Fourth, the respondent engaged in unwanted sexual touching of FJ’s upper thigh and her bottom while she was in a vulnerable state, in distress due to some combination of grogginess, sickness and consumption of alcohol at a karaoke salon. Mr. Suh’s touching was unjustified, unwelcome, and constituted sexual harassment, which is inherently disrespectful. It was physical conduct that could reasonably be expected to cause insecurity, discomfort, offence or humiliation to FJ.

Broadly speaking, Mr. Suh’s misconduct cuts across two intersecting areas of licensee behaviour – uncivil or disrespectful conduct, and inappropriate words and actions of a sexual nature – that have been the subject of increasing attention and an evolution in understanding by the legal professions and society over the last ten to 15 years.

Sexual harassment or unwanted sexual touching by licensees has resulted in penalties that have generally increased in severity over this period in recognition of the harmful impact that is inflicted on women lawyers or clients when they are treated unequally and disrespectfully, and their gender is a factor in this mistreatment. Gender or sex is a ground of protection from discrimination under the Ontario Human Rights Code[1] and the Rules of Professional Conduct.[2]

Disrespectful or abusive conduct, and verbal or physical sexual misconduct in particular, affect the reputation of the legal professions, and penalties must be calibrated to send a message that such conduct is serious and unacceptable. The public has a right to expect personal behaviour, particularly in relation to the staff or members of a lawyer’s firm or his colleagues elsewhere in the profession, that is beyond reproach. This is achieved in part by deterring both Mr. Suh and other licensees from engaging in conduct that denies the right of women who interact with members of the legal professions to equal treatment and respectful communications and actions from licensees.

Other charges were either dismissed or not proven

The evidence in support of Mr. Suh’s position on costs is largely found in our reasons on finding from paras. 131-154, which we will not repeat in full. We will only list a few aspects that illustrate the “identifiable flaws” in the credibility and reliability of KT and MT that rendered their allegations doomed to failure:

•           Many central and significant inconsistencies in the evidence of KT and MT.

•           The firm and unshaken denial by the respondent.

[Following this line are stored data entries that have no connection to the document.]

(* Let $W=\mathrm{des}(\pi)$ and $W^\ast=\mathrm{des}(\pi^\ast)$, where $\pi^\ast$ is constructed from $\pi$ as described in the context. Then $W^\ast$ has the $W$-size biased distribution.
   Context: Let $h\ge 2$, let $n_1,\dots,n_h$ be positive integers, $n=n_1+\dots+n_h\ge 4$, and let $\pi$ be a uniformly distributed permutation of the multiset $\{1^{n_1},\dots,h^{n_h}\}$ (a sequence $(\pi(1),\dots,\pi(n))$ in which each $a$ occurs $n_a$ times, all such sequences equally likely). $\mathrm{des}(\pi)$ is the number of $i\in\{1,\dots,n-1\}$ with $\pi(i)>\pi(i+1)$. For a nonnegative integrable random variable $W$ with $\mathbb{E}W>0$, a random variable $W^\ast$ has the $W$-size biased distribution if $\mathbb{E}(Wf(W))=\mathbb{E}W\,\mathbb{E}f(W^\ast)$ for all continuous $f$ for which the left side exists. Construction of $\pi^\ast$: Let $I$ be uniformly distributed over $\{(1,2),(2,3),\dots,(n-1,n)\}$; let $J=(a,b)$, for $h\ge a>b\ge 1$, with probability $n_an_b/\sum_{c<d}n_cn_d$; $\pi,I,J$ are independent. Write $I=(i,j)$ with $j=i+1$. If $\pi(i)>\pi(j)$, set $\pi^\ast=\pi$. If $\pi(i)\le\pi(j)$ and $J=(a,b)$: choose $i^\ast$ uniformly from $\{k:\pi(k)=a\}$ and $j^\ast$ uniformly from $\{k:\pi(k)=b\}$, independently of each other and of all else. Then: (1) if $\{i,j\}\cap\{i^\ast,j^\ast\}=\emptyset$, or $i=i^\ast,j\ne j^\ast$, or $i\ne i^\ast,j=j^\ast$, obtain $\pi^\ast$ from $\pi$ by exchanging the entries at positions $i$ and $i^\ast$ and exchanging the entries at positions $j$ and $j^\ast$; (2) if $i=j^\ast$ and $j=i^\ast$, exchange the entries at positions $i$ and $j$; (3) if $i=j^\ast$, $j\ne i^\ast$, set $\pi^\ast(i)=\pi(i^\ast)$, $\pi^\ast(j)=\pi(i)$, $\pi^\ast(i^\ast)=\pi(j)$, and $\pi^\ast(k)=\pi(k)$ for $k\notin\{i,j,i^\ast\}$; (4) if $i\ne j^\ast$, $j=i^\ast$, set $\pi^\ast(i)=\pi(j)$, $\pi^\ast(j)=\pi(j^\ast)$, $\pi^\ast(j^\ast)=\pi(i)$, and $\pi^\ast(k)=\pi(k)$ for $k\notin\{i,j,j^\ast\}$. *)

theory Defs
  imports "HOL-Probability.Probability"
begin

text \<open>Sequences are lists; positions are 0-indexed (position k of the list is position k+1 of the paper).\<close>

definition mperms :: "nat \<Rightarrow> (nat \<Rightarrow> nat) \<Rightarrow> nat list set" where
  "mperms h ns = {xs. set xs \<subseteq> {1..h} \<and> (\<forall>a\<in>{1..h}. count (mset xs) a = ns a)}"

definition des :: "nat list \<Rightarrow> nat" where
  "des xs = card {i. Suc i < length xs \<and> xs ! i > xs ! Suc i}"

definition swap :: "nat list \<Rightarrow> nat \<Rightarrow> nat \<Rightarrow> nat list" where
  "swap xs k l = xs[k := xs ! l, l := xs ! k]"

text \<open>Modification of xs given I = (i, i+1) and the chosen positions i' (value a), j' (value b).\<close>
definition modify :: "nat list \<Rightarrow> nat \<Rightarrow> nat \<Rightarrow> nat \<Rightarrow> nat list" where
  "modify xs i i' j' =
    (let j = Suc i in
     if i = j' \<and> j = i' then swap xs i j
     else if i = j' \<and> j \<noteq> i' then xs[i := xs ! i', j := xs ! i, i' := xs ! j]
     else if i \<noteq> j' \<and> j = i' then xs[i := xs ! j, j := xs ! j', j' := xs ! i]
     else swap (swap xs i i') j j')"

definition J_pmf :: "nat \<Rightarrow> (nat \<Rightarrow> nat) \<Rightarrow> (nat \<times> nat) pmf" where
  "J_pmf h ns = pmf_of_multiset
     (\<Sum>a\<in>{1..h}. \<Sum>b\<in>{1..<a}. replicate_mset (ns a * ns b) (a, b))"

definition pi_pmf :: "nat \<Rightarrow> (nat \<Rightarrow> nat) \<Rightarrow> nat list pmf" where
  "pi_pmf h ns = pmf_of_set (mperms h ns)"

definition pistar_pmf :: "nat \<Rightarrow> (nat \<Rightarrow> nat) \<Rightarrow> nat list pmf" where
  "pistar_pmf h ns = do {
     p \<leftarrow> pi_pmf h ns;
     i \<leftarrow> pmf_of_set {0..<length p - 1};
     J \<leftarrow> J_pmf h ns;
     if p ! i > p ! Suc i then return_pmf p
     else do {
       i' \<leftarrow> pmf_of_set {k. k < length p \<and> p ! k = fst J};
       j' \<leftarrow> pmf_of_set {k. k < length p \<and> p ! k = snd J};
       return_pmf (modify p i i' j')
     }
   }"

definition size_biased :: "real pmf \<Rightarrow> real pmf \<Rightarrow> bool" where
  "size_biased X Y \<longleftrightarrow>
     (AE x in measure_pmf X. 0 \<le> x) \<and> integrable (measure_pmf X) (\<lambda>x. x) \<and>
     measure_pmf.expectation X (\<lambda>x. x) > 0 \<and>
     (\<forall>f :: real \<Rightarrow> real. continuous_on UNIV f \<longrightarrow>
        integrable (measure_pmf X) (\<lambda>x. x * f x) \<longrightarrow>
        measure_pmf.expectation X (\<lambda>x. x * f x) =
        measure_pmf.expectation X (\<lambda>x. x) * measure_pmf.expectation Y f)"

end

theory Submission
  imports Defs "HOL-Combinatorics.Multiset_Permutations"
begin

•           The inherent improbability of the events including, centrally, that Mr. Suh spent the night in a hotel room with his two clients.

•           The evident motivation to get back at Mr. Suh for what MT regarded as unfairness (and worse) by lawyers generally, including the respondent...


 In our view, virtually all of the reliability and credibility issues we have outlined above were evident before the hearing or during KT’s and MT’s testimony, which was part of the Law Society’s case. The respondent did not need to take the witnesses through each of these pieces of their evidence, and Mr. Suh’s evidence on these points was essentially a blanket denial that he had behaved in such a bizarre way. Even prior to his testimony, the allegations concerning MT and KT were very unlikely to succeed.

For all of these reasons, this is one of the rare cases in which costs relating to these allegations should be awarded to the successful respondent. The respondent is entitled to 40% of his costs, or $19,000, to be set off against the award of $25,000 in favour of the Law Society.

The findings are linked here

The respondent Lawyer Sang-Kyun Suh (often referred to as Phil Suh) has carried on a busy and complex plaintiff-side personal injury practice for most of his two decades at the Bar. In his testimony, he referred to himself as “intense” and “a perfectionist” who works very long hours and prides himself on his diligence. He has high expectations of the people he works with and recognizes that he has shown his frustration and used profanity when others do not meet his standards. Mr. Suh also said he is “animated”, “normally loud” and “flamboyant” at the office and acknowledged “I wear my emotions on my sleeves sometimes.”